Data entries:
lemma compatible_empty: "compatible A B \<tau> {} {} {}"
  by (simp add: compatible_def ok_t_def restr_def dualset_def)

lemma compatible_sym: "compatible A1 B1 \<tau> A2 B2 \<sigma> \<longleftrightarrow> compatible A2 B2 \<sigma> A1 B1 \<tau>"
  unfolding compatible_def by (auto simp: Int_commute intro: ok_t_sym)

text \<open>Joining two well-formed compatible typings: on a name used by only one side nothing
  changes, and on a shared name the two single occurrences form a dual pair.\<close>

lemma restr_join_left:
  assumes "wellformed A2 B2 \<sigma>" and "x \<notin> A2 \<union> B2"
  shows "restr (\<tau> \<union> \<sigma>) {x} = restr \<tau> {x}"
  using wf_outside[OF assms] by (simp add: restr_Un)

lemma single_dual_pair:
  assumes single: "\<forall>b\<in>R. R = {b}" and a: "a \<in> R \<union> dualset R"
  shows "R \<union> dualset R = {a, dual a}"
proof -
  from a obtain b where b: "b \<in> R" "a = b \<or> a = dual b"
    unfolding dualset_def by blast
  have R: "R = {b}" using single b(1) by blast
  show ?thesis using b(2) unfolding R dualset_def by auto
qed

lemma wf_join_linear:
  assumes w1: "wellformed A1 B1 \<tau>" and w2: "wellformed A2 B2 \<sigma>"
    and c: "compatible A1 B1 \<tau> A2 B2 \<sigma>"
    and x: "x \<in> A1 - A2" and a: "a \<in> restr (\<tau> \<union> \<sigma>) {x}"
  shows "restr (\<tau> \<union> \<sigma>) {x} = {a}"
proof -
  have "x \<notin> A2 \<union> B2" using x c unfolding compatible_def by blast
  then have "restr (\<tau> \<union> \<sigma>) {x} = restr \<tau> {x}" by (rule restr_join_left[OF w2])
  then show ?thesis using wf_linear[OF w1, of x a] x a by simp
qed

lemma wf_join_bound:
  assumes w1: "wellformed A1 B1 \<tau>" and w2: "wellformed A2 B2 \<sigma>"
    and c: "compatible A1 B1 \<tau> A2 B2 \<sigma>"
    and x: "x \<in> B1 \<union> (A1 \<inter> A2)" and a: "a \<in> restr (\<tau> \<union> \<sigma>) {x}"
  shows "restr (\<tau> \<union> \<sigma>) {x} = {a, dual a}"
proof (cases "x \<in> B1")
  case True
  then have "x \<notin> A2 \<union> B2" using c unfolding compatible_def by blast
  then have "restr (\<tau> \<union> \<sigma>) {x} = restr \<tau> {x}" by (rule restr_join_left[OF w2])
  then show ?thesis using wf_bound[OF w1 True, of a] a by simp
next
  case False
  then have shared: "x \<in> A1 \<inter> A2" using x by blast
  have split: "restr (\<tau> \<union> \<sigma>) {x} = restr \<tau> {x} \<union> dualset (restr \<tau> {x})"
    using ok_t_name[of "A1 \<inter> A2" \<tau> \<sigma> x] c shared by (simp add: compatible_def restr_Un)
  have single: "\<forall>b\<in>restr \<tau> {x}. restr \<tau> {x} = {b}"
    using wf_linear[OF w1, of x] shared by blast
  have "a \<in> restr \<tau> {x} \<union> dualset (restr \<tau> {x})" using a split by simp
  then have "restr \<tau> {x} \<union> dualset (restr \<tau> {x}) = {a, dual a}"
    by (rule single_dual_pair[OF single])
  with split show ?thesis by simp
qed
...
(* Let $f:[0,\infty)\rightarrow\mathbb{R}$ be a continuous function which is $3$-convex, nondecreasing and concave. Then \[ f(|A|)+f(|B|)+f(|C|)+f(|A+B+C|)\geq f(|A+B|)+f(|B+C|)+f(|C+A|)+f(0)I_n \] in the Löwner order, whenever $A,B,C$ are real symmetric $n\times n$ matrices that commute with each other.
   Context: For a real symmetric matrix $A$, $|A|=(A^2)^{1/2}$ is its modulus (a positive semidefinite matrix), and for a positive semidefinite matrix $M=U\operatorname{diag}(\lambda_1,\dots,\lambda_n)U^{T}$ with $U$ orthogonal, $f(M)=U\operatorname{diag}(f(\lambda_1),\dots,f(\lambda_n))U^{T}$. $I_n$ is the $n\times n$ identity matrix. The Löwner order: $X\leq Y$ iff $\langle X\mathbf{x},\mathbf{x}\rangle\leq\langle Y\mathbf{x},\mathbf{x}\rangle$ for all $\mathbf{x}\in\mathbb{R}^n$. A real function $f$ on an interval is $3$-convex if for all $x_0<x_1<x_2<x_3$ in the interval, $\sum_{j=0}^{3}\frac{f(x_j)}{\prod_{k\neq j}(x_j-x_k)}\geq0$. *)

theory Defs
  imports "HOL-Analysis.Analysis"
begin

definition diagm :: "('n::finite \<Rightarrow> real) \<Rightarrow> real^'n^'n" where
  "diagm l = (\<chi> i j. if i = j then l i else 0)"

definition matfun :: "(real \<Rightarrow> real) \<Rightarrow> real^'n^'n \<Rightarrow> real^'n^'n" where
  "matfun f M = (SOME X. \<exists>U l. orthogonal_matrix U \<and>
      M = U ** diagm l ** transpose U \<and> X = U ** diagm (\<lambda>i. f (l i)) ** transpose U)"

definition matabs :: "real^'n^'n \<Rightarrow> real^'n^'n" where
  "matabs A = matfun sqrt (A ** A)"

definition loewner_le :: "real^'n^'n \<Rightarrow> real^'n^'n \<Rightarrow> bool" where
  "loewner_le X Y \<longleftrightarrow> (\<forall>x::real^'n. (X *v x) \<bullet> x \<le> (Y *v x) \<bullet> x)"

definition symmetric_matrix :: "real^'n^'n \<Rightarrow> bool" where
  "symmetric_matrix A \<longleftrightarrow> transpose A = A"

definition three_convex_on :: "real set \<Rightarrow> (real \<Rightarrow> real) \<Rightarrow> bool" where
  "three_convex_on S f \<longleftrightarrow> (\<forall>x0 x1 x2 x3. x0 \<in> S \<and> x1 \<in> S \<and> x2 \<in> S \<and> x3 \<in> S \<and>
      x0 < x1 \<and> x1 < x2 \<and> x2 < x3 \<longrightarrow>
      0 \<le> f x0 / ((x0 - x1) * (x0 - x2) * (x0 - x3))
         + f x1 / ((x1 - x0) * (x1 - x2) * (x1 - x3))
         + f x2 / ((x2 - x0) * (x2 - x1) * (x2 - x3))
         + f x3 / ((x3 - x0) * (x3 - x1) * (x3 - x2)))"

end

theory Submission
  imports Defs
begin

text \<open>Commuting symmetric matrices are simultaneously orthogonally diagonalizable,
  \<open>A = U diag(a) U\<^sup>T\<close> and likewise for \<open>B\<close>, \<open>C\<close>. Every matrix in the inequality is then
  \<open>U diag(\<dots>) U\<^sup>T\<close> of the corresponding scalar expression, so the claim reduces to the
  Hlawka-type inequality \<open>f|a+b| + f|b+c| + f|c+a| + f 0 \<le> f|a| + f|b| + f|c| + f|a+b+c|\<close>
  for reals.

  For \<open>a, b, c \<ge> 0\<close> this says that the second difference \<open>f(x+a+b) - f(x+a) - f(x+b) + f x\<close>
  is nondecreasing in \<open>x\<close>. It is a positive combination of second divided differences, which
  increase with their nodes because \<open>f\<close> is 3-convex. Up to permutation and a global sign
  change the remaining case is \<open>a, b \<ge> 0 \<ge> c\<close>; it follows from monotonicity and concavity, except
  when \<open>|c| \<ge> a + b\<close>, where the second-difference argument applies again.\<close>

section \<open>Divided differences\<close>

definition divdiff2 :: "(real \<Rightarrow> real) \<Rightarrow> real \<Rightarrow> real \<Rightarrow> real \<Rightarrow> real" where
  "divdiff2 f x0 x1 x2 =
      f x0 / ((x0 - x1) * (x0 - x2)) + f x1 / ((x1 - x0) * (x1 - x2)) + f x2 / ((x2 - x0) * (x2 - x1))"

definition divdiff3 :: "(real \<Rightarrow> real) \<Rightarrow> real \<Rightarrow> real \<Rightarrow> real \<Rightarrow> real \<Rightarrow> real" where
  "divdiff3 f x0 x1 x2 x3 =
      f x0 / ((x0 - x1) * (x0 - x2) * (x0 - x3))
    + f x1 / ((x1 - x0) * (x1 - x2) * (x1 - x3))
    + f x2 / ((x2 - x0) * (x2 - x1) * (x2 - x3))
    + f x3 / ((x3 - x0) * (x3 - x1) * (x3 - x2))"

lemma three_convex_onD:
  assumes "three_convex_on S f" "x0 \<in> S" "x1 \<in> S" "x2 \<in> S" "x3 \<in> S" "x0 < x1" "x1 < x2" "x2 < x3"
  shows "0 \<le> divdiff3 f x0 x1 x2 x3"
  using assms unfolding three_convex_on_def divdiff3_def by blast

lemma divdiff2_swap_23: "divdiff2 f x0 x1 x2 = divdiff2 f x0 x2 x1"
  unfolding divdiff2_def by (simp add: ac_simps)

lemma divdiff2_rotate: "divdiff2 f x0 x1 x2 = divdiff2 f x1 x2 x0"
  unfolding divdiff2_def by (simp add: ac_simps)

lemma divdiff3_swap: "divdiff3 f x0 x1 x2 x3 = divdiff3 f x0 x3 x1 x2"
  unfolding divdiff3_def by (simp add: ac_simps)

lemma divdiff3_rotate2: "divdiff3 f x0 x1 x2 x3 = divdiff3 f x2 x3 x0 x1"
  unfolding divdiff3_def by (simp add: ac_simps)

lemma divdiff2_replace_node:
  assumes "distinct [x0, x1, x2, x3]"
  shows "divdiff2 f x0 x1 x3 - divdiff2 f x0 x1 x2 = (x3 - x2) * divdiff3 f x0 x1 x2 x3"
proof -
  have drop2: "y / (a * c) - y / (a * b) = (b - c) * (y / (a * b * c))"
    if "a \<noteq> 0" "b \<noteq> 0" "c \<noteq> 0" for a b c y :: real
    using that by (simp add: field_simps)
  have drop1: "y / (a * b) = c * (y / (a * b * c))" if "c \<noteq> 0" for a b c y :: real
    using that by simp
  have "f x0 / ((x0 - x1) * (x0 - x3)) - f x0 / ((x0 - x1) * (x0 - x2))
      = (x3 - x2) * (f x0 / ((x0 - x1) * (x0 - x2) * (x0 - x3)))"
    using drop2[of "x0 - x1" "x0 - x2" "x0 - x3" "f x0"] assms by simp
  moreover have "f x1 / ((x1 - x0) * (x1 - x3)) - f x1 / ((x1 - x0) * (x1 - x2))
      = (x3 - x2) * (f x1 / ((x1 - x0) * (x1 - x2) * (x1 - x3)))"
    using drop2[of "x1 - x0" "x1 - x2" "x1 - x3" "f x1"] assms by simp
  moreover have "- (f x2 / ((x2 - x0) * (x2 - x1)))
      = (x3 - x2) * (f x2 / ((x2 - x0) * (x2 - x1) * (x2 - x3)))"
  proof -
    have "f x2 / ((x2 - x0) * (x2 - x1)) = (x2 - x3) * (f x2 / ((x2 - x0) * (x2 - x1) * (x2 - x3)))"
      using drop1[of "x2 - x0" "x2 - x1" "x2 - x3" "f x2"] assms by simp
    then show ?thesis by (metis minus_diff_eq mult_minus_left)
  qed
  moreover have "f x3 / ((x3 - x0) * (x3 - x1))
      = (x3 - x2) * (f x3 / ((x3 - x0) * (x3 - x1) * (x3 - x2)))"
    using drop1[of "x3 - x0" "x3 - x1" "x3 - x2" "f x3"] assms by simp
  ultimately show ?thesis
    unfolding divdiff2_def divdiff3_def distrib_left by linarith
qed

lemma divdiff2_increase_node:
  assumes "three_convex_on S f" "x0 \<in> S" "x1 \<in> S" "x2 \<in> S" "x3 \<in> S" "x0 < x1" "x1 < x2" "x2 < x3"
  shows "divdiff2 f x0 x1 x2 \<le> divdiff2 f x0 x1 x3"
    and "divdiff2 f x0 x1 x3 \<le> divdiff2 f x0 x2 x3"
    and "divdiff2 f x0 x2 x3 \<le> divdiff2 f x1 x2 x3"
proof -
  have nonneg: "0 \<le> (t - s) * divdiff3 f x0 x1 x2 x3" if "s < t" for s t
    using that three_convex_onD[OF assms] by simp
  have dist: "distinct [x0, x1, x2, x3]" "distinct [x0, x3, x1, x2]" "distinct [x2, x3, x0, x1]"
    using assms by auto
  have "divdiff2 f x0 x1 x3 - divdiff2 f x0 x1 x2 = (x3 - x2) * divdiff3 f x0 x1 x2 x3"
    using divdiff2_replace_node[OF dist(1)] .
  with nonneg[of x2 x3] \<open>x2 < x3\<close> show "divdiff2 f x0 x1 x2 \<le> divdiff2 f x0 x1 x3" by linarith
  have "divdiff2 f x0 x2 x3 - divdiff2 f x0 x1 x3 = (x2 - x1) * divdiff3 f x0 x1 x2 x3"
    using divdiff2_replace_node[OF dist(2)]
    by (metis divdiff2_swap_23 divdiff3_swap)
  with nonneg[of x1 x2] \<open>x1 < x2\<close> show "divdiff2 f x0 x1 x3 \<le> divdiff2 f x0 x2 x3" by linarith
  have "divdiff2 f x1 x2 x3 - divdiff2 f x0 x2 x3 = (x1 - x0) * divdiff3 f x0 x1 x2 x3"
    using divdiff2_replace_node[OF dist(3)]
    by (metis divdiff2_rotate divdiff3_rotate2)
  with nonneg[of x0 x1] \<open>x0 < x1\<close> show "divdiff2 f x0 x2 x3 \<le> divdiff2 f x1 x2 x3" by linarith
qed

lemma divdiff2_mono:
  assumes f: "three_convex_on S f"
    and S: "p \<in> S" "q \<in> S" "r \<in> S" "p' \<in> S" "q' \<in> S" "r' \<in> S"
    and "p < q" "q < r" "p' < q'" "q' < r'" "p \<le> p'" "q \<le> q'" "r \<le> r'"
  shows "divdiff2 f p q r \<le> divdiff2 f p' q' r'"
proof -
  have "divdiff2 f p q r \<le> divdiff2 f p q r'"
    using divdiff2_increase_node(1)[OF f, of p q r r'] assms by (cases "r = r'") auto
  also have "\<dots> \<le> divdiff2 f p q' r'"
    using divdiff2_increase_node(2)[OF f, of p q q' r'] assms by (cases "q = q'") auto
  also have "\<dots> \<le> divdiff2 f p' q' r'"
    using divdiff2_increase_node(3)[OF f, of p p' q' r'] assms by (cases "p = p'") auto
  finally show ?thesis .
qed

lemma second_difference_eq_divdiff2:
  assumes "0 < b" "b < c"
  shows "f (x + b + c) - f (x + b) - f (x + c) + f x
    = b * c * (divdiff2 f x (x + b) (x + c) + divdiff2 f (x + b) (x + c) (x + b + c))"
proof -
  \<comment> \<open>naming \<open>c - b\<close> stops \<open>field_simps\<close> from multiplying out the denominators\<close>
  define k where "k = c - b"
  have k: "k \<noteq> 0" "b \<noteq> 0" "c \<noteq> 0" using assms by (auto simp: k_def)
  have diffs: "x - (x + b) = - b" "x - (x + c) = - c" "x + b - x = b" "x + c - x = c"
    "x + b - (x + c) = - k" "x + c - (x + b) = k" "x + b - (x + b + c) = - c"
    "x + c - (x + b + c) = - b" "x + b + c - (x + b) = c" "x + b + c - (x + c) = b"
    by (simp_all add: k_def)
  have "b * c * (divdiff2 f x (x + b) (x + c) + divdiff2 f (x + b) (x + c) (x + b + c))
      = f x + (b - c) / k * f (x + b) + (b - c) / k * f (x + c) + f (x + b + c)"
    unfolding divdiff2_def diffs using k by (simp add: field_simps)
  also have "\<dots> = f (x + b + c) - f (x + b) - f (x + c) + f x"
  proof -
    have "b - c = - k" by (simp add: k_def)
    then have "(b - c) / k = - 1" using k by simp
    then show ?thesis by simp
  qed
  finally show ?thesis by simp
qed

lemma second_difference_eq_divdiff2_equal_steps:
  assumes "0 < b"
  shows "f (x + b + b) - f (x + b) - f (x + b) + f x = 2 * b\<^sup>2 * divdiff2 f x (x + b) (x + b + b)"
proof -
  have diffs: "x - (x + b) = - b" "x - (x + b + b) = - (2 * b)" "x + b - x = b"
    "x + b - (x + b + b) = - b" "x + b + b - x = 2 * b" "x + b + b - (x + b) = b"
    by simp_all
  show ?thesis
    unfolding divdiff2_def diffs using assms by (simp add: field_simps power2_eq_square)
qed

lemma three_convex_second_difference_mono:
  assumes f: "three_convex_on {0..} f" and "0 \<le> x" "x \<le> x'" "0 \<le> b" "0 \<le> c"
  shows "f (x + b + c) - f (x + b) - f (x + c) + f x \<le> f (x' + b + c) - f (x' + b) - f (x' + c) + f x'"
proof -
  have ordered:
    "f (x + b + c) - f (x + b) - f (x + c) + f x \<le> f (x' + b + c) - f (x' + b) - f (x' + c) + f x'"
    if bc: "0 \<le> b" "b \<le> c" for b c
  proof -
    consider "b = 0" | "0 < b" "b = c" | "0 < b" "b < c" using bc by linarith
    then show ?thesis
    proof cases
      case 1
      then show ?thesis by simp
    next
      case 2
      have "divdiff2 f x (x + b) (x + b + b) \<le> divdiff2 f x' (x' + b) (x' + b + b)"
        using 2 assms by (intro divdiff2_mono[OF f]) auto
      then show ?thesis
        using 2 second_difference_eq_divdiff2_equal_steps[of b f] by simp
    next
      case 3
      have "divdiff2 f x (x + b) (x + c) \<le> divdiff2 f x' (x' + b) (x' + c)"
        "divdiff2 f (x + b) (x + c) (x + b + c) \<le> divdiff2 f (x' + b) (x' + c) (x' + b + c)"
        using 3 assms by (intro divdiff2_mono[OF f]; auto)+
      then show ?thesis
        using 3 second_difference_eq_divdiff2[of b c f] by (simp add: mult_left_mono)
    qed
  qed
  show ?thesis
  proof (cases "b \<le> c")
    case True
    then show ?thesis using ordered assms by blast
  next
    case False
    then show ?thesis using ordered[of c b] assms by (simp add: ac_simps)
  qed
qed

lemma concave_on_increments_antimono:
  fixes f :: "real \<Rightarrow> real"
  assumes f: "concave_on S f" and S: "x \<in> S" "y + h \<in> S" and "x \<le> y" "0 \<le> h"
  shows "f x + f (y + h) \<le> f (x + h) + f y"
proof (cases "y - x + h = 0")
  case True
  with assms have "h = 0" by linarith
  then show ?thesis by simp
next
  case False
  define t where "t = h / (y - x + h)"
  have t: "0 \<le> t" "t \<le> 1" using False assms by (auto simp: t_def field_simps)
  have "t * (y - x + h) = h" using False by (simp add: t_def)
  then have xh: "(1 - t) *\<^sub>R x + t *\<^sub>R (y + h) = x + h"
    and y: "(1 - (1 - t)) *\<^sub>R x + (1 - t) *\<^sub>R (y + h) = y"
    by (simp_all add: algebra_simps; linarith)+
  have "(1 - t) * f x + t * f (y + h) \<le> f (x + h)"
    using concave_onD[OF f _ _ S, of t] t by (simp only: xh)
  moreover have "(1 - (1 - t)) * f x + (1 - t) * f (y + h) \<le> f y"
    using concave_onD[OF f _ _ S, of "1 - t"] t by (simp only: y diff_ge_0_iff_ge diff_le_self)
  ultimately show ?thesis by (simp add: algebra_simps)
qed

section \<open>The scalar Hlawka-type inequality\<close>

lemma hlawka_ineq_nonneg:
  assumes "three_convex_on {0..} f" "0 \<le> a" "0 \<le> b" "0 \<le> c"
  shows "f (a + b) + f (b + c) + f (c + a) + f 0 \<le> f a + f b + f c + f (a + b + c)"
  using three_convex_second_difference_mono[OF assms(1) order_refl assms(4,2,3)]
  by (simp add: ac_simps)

* Work instructions
From the entries above, write out only the lines starting at the line that holds "then show ?thesis by (metis" and ending at the line that holds "using assms by auto", keeping both and matching them exactly.

* Task output
    then show ?thesis by (metis minus_diff_eq mult_minus_left)
  qed
  moreover have "f x3 / ((x3 - x0) * (x3 - x1))
      = (x3 - x2) * (f x3 / ((x3 - x0) * (x3 - x1) * (x3 - x2)))"
    using drop1[of "x3 - x0" "x3 - x1" "x3 - x2" "f x3"] assms by simp
  ultimately show ?thesis
    unfolding divdiff2_def divdiff3_def distrib_left by linarith
qed

lemma divdiff2_increase_node:
  assumes "three_convex_on S f" "x0 \<in> S" "x1 \<in> S" "x2 \<in> S" "x3 \<in> S" "x0 < x1" "x1 < x2" "x2 < x3"
  shows "divdiff2 f x0 x1 x2 \<le> divdiff2 f x0 x1 x3"
    and "divdiff2 f x0 x1 x3 \<le> divdiff2 f x0 x2 x3"
    and "divdiff2 f x0 x2 x3 \<le> divdiff2 f x1 x2 x3"
proof -
  have nonneg: "0 \<le> (t - s) * divdiff3 f x0 x1 x2 x3" if "s < t" for s t
    using that three_convex_onD[OF assms] by simp
  have dist: "distinct [x0, x1, x2, x3]" "distinct [x0, x3, x1, x2]" "distinct [x2, x3, x0, x1]"
    using assms by auto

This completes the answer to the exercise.